Lattice multiplication, also known as the Italian method, Chinese method, Chinese lattice, gelosia multiplication, sieve multiplication, shabakh, Diagonally or Venetian squares, is a method of multiplication that uses a lattice to multiply two multi-digit numbers. It is mathematically identical to the more commonly used long multiplication algorithm, but it breaks the process into smaller steps, which some practitioners find easier to use. The method had already arisen by medieval times, and has been used for centuries in many different cultures. It is still being taught in certain curricula today.
Method
A grid is drawn up, and each cell is split diagonally. The two multiplicands of the product to be calculated are written along the top and right side of the lattice, respectively, with one digit first column across the top fo first multiplicand, and one digit per row down the right side for the second multiplicand. Then each cell of the lattice is filled in with product of its column and row digit. As an example, consider the multiplication of 58 with 213. After writing the multiplicands on the sides, consider each cell, beginning with the top left cell. In this case, the column digit is 5 and the row digit is 2. Write their product, 10, in the cell, with the digit 1 above the diagonal and the digit 0 below the diagonal. If the simple product lacks a digit in the tens place, simply fill in the tens place with a 0. After all the cells are filled in this manner, the digits in each diagonal are summed, working from the bottom right diagonal to the top left. Each diagonal sum is written where the diagonal ends. If the sum contains more than one digit, the value of the tens place is carried into the next diagonal. Numbers are filled to the left and to the bottom of the grid, and the answer is the numbers read off down and across. In the example shown, the result of the multiplication of 58 with 213 is 12354.

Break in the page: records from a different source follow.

(* Let $G$ be a connected graph with $n\ge2$ vertices, $m\ge1$ edges, maximum degree $\Delta$ and minimum degree $\delta$. Let $c=m(n^3-n^2-2mn+4m)$. If $\gamma_n\ge\frac{\sqrt c}{2n}$, then $$QE(G)\ \ge\ \frac{2\sqrt2}{3}\sqrt{\Big[2m+\tfrac12(\Delta-\delta)^2\Big]n},$$ with equality if and only if $G\cong K_3$.
   Context: All graphs are finite, simple and undirected. For a graph $G$ with $n$ vertices and $m$ edges, let $q_1\ge\cdots\ge q_n\ge0$ be the eigenvalues of the signless Laplacian $Q(G)=D(G)+A(G)$ ($D(G)$ the diagonal degree matrix, $A(G)$ the adjacency matrix). The signless Laplacian energy is $QE(G)=\sum_{i=1}^n|q_i-\frac{2m}{n}|$. Let $\gamma_1\ge\gamma_2\ge\cdots\ge\gamma_n\ge0$ denote the numbers $|q_i-\frac{2m}{n}|$, $i=1,\dots,n$, arranged in nonincreasing order. *)

theory Defs
  imports "Jordan_Normal_Form.Char_Poly" "HOL-Library.Multiset"
begin

text \<open>A finite simple graph on the vertex set {0..<n}, given by an adjacency
relation E (only its values on {0..<n} matter).\<close>

definition simple_graph :: "nat \<Rightarrow> (nat \<Rightarrow> nat \<Rightarrow> bool) \<Rightarrow> bool" where
  "simple_graph n E \<longleftrightarrow> (\<forall>i<n. \<forall>j<n. E i j \<longleftrightarrow> E j i) \<and> (\<forall>i<n. \<not> E i i)"

definition num_edges :: "nat \<Rightarrow> (nat \<Rightarrow> nat \<Rightarrow> bool) \<Rightarrow> nat" where
  "num_edges n E = card {(i, j). i < j \<and> j < n \<and> E i j}"

definition degree :: "nat \<Rightarrow> (nat \<Rightarrow> nat \<Rightarrow> bool) \<Rightarrow> nat \<Rightarrow> nat" where
  "degree n E i = card {j. j < n \<and> E i j}"

definition max_degree :: "nat \<Rightarrow> (nat \<Rightarrow> nat \<Rightarrow> bool) \<Rightarrow> nat" where
  "max_degree n E = Max (degree n E ` {0..<n})"

definition min_degree :: "nat \<Rightarrow> (nat \<Rightarrow> nat \<Rightarrow> bool) \<Rightarrow> nat" where
  "min_degree n E = Min (degree n E ` {0..<n})"

definition connected_graph :: "nat \<Rightarrow> (nat \<Rightarrow> nat \<Rightarrow> bool) \<Rightarrow> bool" where
  "connected_graph n E \<longleftrightarrow>
     (\<forall>i<n. \<forall>j<n. (\<lambda>x y. x < n \<and> y < n \<and> E x y)\<^sup>*\<^sup>* i j)"

definition signless_laplacian :: "nat \<Rightarrow> (nat \<Rightarrow> nat \<Rightarrow> bool) \<Rightarrow> real mat" where
  "signless_laplacian n E =
     mat n n (\<lambda>(i, j). (if i = j then real (degree n E i) else 0) + (if E i j then 1 else 0))"

text \<open>Multiset of eigenvalues (with algebraic multiplicity) of a real matrix whose
characteristic polynomial splits over the reals (true for symmetric matrices).\<close>
definition real_spectrum :: "real mat \<Rightarrow> real multiset" where
  "real_spectrum A = (THE M. char_poly A = prod_mset (image_mset (\<lambda>a. [:- a, 1:]) M))"

definition sl_eigenvalues :: "nat \<Rightarrow> (nat \<Rightarrow> nat \<Rightarrow> bool) \<Rightarrow> real multiset" where
  "sl_eigenvalues n E = real_spectrum (signless_laplacian n E)"

text \<open>The numbers |q_i - 2m/n| as a multiset, and gamma_1 \<ge> ... \<ge> gamma_n.\<close>
definition gamma_mset :: "nat \<Rightarrow> (nat \<Rightarrow> nat \<Rightarrow> bool) \<Rightarrow> real multiset" where
  "gamma_mset n E = image_mset (\<lambda>q. \<bar>q - 2 * real (num_edges n E) / real n\<bar>) (sl_eigenvalues n E)"

definition gamma :: "nat \<Rightarrow> (nat \<Rightarrow> nat \<Rightarrow> bool) \<Rightarrow> nat \<Rightarrow> real" where
  "gamma n E k = rev (sorted_list_of_multiset (gamma_mset n E)) ! (k - 1)"

definition QE :: "nat \<Rightarrow> (nat \<Rightarrow> nat \<Rightarrow> bool) \<Rightarrow> real" where
  "QE n E = sum_mset (gamma_mset n E)"

definition complete_graph :: "nat \<Rightarrow> nat \<Rightarrow> bool" where
  "complete_graph i j \<longleftrightarrow> i \<noteq> j"

definition graph_iso ::
  "nat \<Rightarrow> (nat \<Rightarrow> nat \<Rightarrow> bool) \<Rightarrow> nat \<Rightarrow> (nat \<Rightarrow> nat \<Rightarrow> bool) \<Rightarrow> bool" where
  "graph_iso n E n' E' \<longleftrightarrow> (\<exists>f. bij_betw f {0..<n} {0..<n'} \<and>
      (\<forall>i<n. \<forall>j<n. E i j \<longleftrightarrow> E' (f i) (f j)))"

end

theory Submission
  imports Defs "Jordan_Normal_Form.Schur_Decomposition"
begin

(* Let q_i be the signless Laplacian eigenvalues and mu_i = q_i - 2m/n. Since trace Q = 2m and
   trace Q^2 = sum d_i^2 + 2m, the mu_i sum to zero and sum mu_i^2 = sum d_i^2 + 2m - 4m^2/n.
   This is at least 2m + (Delta - delta)^2/2, and by de Caen's inequality
   sum d_i^2 <= m(n-2) + 2m^2/(n-1) it is at most c/(n(n-1)); with sum mu_i = 0 this gives
   |mu_i| <= sqrt c / n = 2t, while the hypothesis says |mu_i| >= gamma_n >= t := sqrt c / (2n).
   For t <= |mu| <= 2t we have mu^2 <= 3t|mu| - 2t^2, hence sum mu_i^2 + 2nt^2 <= 3t QE, and
   AM-GM gives 9 QE^2 >= 8n sum mu_i^2 >= 8n (2m + (Delta - delta)^2/2).
   Equality forces sum mu_i^2 = 2nt^2 = c/(2n), which is compatible with the de Caen bound and
   with sum mu_i^2 >= 2m only for n = 3, and among graphs on three vertices only for K_3.
   Conversely, for K_3 we get t = 1, and three numbers in [1,2] summing to zero have absolute
   values summing to at most 4, which is the bound. *)

section \<open>Traces and spectra of symmetric matrices\<close>

definition mat_trace :: "'a::comm_ring_1 mat \<Rightarrow> 'a" where
  "mat_trace A = (\<Sum>i<dim_row A. A $$ (i, i))"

The lattice technique can also be used to multiply decimal fractions. For example, to multiply 5.8 by 2.13, the process is the same as to multiply 58 by 213 as described in the preceding section. To find the position of the decimal point in the final answer, one can draw a vertical line from the decimal point in 5.8, and a horizontal line from the decimal point in 2.13. The grid diagonal through the intersection of these two lines then determines the position of the decimal point in the result. In the example shown, the result of the multiplication of 5.8 and 2.13 is 12.354.
History
Lattice multiplication has been used historically in many different cultures. It is not known where it arose first, nor whether it developed independently within more than one region of the world. The earliest recorded use of lattice multiplication:
in European mathematics was by the unknown author of a Latin treatise in England, Tractatus de minutis philosophicis et vulgaribus, c. 1300
in Chinese mathematics was by Wu Jing in his Jiuzhang suanfa bilei daquan, completed in 1450.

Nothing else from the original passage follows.